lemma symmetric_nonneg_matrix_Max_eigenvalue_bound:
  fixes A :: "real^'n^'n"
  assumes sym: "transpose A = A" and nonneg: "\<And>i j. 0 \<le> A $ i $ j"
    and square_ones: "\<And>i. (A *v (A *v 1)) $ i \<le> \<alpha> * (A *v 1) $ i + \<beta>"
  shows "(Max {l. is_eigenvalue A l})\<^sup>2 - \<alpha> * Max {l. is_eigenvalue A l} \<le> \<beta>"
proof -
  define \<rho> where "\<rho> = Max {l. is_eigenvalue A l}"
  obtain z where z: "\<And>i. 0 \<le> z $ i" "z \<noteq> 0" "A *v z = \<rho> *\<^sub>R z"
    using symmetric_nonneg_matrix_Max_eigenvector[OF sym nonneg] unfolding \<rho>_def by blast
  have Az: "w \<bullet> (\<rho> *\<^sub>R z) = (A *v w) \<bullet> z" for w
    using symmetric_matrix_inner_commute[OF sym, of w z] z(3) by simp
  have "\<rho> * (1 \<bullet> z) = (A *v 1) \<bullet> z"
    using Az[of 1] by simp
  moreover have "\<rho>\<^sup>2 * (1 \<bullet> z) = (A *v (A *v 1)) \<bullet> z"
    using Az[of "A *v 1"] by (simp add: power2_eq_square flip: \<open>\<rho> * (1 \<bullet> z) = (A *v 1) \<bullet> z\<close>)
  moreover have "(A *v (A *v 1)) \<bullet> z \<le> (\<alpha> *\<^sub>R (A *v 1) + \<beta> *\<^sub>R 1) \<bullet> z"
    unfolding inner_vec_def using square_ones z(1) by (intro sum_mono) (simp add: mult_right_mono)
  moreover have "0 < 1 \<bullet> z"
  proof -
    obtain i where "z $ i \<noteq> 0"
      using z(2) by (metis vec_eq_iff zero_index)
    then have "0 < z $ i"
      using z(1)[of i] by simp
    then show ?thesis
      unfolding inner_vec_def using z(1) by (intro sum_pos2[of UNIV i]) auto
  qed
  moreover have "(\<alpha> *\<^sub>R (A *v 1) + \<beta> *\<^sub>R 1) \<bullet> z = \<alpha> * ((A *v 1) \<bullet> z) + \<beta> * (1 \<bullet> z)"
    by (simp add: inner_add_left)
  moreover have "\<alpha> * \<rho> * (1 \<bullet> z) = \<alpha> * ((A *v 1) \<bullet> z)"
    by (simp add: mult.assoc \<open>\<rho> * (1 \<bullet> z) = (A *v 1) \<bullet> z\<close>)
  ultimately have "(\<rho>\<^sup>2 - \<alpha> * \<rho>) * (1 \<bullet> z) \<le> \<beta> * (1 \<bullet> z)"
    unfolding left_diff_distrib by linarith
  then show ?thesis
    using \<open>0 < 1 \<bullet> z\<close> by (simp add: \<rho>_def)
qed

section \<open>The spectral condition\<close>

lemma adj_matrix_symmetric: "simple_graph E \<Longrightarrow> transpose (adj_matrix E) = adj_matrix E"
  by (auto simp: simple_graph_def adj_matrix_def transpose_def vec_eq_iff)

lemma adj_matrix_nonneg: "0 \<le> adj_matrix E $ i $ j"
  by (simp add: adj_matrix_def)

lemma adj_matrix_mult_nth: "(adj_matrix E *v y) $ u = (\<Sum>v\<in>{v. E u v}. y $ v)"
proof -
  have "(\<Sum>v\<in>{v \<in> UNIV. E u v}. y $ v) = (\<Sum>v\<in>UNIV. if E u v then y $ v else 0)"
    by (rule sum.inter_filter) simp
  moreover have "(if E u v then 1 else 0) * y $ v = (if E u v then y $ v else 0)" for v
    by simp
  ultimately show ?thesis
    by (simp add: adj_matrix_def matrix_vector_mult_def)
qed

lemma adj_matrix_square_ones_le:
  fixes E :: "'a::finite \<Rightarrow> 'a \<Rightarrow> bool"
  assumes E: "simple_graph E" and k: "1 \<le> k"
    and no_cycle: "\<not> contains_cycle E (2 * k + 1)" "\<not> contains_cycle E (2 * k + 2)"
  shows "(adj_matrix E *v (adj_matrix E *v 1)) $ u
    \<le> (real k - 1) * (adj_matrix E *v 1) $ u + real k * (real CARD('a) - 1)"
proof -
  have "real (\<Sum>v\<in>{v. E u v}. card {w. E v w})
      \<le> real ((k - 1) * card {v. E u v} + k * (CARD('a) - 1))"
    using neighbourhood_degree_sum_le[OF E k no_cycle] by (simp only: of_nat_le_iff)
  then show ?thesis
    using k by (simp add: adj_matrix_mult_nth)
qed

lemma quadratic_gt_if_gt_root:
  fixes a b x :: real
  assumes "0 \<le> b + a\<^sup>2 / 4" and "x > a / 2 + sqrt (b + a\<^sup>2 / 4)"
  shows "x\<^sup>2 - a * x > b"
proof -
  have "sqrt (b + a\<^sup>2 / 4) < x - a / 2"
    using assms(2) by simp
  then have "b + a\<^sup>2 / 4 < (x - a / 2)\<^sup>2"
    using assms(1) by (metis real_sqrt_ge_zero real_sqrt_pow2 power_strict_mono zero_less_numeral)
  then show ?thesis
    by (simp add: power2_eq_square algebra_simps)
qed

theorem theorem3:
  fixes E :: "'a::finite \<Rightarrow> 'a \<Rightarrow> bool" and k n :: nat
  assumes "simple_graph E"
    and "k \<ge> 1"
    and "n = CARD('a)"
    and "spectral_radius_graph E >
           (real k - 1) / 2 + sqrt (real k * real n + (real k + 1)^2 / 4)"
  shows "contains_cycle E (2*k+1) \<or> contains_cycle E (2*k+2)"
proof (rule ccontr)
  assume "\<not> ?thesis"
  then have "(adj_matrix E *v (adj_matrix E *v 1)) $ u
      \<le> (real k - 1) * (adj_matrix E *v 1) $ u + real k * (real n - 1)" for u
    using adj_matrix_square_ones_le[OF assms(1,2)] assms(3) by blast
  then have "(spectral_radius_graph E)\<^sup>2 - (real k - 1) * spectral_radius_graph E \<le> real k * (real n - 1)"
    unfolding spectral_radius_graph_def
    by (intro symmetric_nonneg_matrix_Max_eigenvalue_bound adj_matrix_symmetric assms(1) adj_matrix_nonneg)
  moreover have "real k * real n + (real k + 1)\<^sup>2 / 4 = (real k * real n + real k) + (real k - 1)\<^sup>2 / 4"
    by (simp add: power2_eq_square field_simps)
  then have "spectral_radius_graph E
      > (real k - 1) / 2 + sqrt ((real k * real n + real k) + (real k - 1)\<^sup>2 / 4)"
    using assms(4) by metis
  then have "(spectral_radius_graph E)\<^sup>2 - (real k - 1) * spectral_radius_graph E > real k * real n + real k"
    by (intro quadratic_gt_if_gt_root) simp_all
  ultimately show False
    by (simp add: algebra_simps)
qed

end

* * *

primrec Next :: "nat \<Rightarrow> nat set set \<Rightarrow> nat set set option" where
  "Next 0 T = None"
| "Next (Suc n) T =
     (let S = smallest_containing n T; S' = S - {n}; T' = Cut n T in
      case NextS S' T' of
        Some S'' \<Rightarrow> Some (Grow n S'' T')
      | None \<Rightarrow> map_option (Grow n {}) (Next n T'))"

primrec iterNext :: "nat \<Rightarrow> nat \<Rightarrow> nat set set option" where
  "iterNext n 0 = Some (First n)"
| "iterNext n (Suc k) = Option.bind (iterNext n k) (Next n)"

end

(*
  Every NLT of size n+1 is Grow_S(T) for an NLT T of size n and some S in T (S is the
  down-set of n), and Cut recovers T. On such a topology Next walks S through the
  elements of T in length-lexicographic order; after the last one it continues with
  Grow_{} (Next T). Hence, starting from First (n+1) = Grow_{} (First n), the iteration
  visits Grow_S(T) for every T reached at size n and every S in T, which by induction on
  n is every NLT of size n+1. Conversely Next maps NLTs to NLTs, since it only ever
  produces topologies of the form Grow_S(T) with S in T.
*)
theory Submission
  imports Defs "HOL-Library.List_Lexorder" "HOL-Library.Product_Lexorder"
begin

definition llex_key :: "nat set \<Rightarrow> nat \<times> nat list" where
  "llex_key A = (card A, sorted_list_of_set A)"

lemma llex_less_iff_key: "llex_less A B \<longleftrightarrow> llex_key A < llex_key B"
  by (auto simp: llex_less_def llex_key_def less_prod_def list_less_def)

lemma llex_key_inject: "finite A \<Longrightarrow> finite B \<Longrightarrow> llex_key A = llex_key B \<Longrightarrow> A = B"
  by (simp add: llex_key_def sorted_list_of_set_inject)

* * *

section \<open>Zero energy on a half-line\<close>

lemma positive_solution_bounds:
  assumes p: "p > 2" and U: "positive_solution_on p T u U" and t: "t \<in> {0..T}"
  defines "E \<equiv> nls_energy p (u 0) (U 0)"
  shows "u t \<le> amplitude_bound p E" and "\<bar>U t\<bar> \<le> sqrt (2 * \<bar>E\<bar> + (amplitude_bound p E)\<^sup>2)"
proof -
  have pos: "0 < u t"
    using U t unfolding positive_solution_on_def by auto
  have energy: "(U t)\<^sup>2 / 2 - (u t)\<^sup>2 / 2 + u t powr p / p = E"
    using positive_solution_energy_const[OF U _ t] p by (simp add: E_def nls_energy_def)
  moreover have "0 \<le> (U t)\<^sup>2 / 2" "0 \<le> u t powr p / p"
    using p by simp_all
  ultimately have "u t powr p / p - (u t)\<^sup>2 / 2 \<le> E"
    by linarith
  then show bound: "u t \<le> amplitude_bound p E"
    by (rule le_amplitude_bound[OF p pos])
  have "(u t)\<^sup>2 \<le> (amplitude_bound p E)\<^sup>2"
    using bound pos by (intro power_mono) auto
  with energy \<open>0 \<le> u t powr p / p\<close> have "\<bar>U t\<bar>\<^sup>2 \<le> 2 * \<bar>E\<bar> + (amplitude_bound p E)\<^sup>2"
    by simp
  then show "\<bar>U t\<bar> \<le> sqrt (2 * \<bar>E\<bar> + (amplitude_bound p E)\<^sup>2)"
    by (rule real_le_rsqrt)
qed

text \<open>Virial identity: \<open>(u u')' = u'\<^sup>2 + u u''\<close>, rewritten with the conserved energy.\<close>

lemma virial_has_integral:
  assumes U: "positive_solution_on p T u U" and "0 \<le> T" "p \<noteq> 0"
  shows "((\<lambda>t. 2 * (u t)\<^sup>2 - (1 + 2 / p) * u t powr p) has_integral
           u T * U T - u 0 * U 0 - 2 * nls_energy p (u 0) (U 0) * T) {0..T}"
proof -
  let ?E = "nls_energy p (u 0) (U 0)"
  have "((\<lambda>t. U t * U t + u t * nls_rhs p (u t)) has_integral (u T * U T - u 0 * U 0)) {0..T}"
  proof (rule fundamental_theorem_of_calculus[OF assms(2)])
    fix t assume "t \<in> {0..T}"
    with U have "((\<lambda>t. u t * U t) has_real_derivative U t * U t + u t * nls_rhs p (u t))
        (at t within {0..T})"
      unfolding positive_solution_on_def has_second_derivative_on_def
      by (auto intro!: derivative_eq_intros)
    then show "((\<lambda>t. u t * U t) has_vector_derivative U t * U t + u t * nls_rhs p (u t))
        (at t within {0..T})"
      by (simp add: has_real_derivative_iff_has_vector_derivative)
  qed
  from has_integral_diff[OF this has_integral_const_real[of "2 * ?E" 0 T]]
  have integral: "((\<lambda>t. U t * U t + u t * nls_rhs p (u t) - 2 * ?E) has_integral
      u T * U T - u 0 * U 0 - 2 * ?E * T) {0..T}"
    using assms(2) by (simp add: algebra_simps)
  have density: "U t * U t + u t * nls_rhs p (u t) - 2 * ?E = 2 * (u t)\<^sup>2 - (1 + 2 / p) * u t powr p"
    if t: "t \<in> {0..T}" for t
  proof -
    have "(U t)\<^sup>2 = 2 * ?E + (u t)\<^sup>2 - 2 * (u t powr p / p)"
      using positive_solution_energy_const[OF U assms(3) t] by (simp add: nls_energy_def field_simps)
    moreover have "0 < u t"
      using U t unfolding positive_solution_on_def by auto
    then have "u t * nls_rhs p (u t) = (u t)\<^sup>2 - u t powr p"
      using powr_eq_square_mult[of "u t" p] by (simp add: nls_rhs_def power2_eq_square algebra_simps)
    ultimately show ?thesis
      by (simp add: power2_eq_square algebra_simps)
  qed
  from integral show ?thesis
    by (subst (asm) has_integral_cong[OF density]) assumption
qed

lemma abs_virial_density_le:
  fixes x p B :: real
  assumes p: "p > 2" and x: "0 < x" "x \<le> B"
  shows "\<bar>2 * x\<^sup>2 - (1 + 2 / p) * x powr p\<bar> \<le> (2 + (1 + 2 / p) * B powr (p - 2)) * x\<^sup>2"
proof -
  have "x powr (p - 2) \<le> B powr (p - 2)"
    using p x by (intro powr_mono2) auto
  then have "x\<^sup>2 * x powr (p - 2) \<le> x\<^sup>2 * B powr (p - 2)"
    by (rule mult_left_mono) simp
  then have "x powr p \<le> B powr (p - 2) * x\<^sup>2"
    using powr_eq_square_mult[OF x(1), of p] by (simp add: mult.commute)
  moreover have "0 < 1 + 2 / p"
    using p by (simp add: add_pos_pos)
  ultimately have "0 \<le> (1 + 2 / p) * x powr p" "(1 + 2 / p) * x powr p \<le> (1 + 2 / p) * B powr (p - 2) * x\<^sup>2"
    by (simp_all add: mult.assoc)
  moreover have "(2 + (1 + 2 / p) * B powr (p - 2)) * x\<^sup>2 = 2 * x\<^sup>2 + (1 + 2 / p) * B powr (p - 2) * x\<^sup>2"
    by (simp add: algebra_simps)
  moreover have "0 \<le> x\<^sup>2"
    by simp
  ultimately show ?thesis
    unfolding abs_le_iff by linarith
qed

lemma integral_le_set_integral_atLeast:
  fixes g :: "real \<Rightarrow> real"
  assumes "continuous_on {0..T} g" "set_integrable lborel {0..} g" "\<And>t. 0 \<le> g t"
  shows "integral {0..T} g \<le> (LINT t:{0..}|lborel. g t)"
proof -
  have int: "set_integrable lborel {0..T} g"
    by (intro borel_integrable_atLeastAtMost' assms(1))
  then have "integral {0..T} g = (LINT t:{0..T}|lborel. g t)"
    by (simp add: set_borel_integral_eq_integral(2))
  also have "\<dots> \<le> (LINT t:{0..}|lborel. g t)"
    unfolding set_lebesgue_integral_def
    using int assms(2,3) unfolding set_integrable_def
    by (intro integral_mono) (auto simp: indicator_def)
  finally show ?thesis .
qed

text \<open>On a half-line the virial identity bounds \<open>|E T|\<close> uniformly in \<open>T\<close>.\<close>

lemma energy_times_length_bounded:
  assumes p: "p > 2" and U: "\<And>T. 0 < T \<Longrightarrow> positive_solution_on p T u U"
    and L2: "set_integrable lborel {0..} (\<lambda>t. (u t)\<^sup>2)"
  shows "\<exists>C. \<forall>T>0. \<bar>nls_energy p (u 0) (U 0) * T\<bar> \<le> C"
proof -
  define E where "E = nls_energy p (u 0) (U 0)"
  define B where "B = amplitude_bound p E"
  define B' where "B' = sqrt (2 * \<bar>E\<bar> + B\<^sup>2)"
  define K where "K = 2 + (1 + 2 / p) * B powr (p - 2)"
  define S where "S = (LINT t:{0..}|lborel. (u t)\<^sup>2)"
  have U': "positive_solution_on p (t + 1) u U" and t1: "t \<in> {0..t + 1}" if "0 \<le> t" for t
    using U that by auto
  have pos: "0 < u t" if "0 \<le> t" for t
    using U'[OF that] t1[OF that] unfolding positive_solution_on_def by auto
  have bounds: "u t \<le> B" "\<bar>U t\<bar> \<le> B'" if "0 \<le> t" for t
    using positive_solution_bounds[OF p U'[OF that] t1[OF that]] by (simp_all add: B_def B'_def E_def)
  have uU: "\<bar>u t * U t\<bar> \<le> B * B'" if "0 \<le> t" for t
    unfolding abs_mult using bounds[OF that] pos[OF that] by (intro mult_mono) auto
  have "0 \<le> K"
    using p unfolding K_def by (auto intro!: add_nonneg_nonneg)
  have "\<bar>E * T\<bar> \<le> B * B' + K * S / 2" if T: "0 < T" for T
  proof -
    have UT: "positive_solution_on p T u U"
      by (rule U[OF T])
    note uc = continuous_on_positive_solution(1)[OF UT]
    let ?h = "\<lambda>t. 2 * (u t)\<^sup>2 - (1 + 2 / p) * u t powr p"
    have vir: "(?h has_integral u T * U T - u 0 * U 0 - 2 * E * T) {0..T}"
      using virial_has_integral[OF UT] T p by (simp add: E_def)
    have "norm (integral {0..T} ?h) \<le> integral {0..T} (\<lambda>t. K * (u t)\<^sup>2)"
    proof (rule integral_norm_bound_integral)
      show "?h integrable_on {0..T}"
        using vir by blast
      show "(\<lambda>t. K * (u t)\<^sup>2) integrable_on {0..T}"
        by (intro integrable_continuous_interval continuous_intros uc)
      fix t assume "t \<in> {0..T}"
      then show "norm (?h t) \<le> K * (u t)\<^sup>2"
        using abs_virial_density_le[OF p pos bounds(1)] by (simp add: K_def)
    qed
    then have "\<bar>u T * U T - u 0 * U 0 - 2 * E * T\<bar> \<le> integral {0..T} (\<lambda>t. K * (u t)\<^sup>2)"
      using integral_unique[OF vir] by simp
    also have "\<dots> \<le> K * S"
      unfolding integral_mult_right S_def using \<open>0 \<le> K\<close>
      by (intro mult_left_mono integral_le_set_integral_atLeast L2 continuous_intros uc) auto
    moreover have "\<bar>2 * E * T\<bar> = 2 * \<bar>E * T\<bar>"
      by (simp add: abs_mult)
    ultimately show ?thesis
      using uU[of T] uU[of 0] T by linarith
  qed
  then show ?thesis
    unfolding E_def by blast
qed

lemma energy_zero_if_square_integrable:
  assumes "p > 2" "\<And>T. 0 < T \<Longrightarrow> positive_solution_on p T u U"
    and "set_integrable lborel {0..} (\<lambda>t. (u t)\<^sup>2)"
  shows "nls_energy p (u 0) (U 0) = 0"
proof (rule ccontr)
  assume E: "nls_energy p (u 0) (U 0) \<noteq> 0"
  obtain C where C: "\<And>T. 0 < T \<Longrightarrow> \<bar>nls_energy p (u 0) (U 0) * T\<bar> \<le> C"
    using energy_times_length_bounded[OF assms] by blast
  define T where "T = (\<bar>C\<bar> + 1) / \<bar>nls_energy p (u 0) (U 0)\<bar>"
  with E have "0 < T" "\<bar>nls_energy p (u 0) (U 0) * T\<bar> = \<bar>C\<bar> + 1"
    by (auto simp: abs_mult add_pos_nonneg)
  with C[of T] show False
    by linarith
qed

▶ Your instructions
Please copy the lines above from the line with "section \<open>Zero energy" up to and including the line with "using bound pos", exactly as written and with nothing else.

▶ Exercise output
section \<open>Zero energy on a half-line\<close>

lemma positive_solution_bounds:
  assumes p: "p > 2" and U: "positive_solution_on p T u U" and t: "t \<in> {0..T}"
  defines "E \<equiv> nls_energy p (u 0) (U 0)"
  shows "u t \<le> amplitude_bound p E" and "\<bar>U t\<bar> \<le> sqrt (2 * \<bar>E\<bar> + (amplitude_bound p E)\<^sup>2)"
proof -
  have pos: "0 < u t"
    using U t unfolding positive_solution_on_def by auto
  have energy: "(U t)\<^sup>2 / 2 - (u t)\<^sup>2 / 2 + u t powr p / p = E"
    using positive_solution_energy_const[OF U _ t] p by (simp add: E_def nls_energy_def)
  moreover have "0 \<le> (U t)\<^sup>2 / 2" "0 \<le> u t powr p / p"
    using p by simp_all
  ultimately have "u t powr p / p - (u t)\<^sup>2 / 2 \<le> E"
    by linarith
  then show bound: "u t \<le> amplitude_bound p E"
    by (rule le_amplitude_bound[OF p pos])
  have "(u t)\<^sup>2 \<le> (amplitude_bound p E)\<^sup>2"
    using bound pos by (intro power_mono) auto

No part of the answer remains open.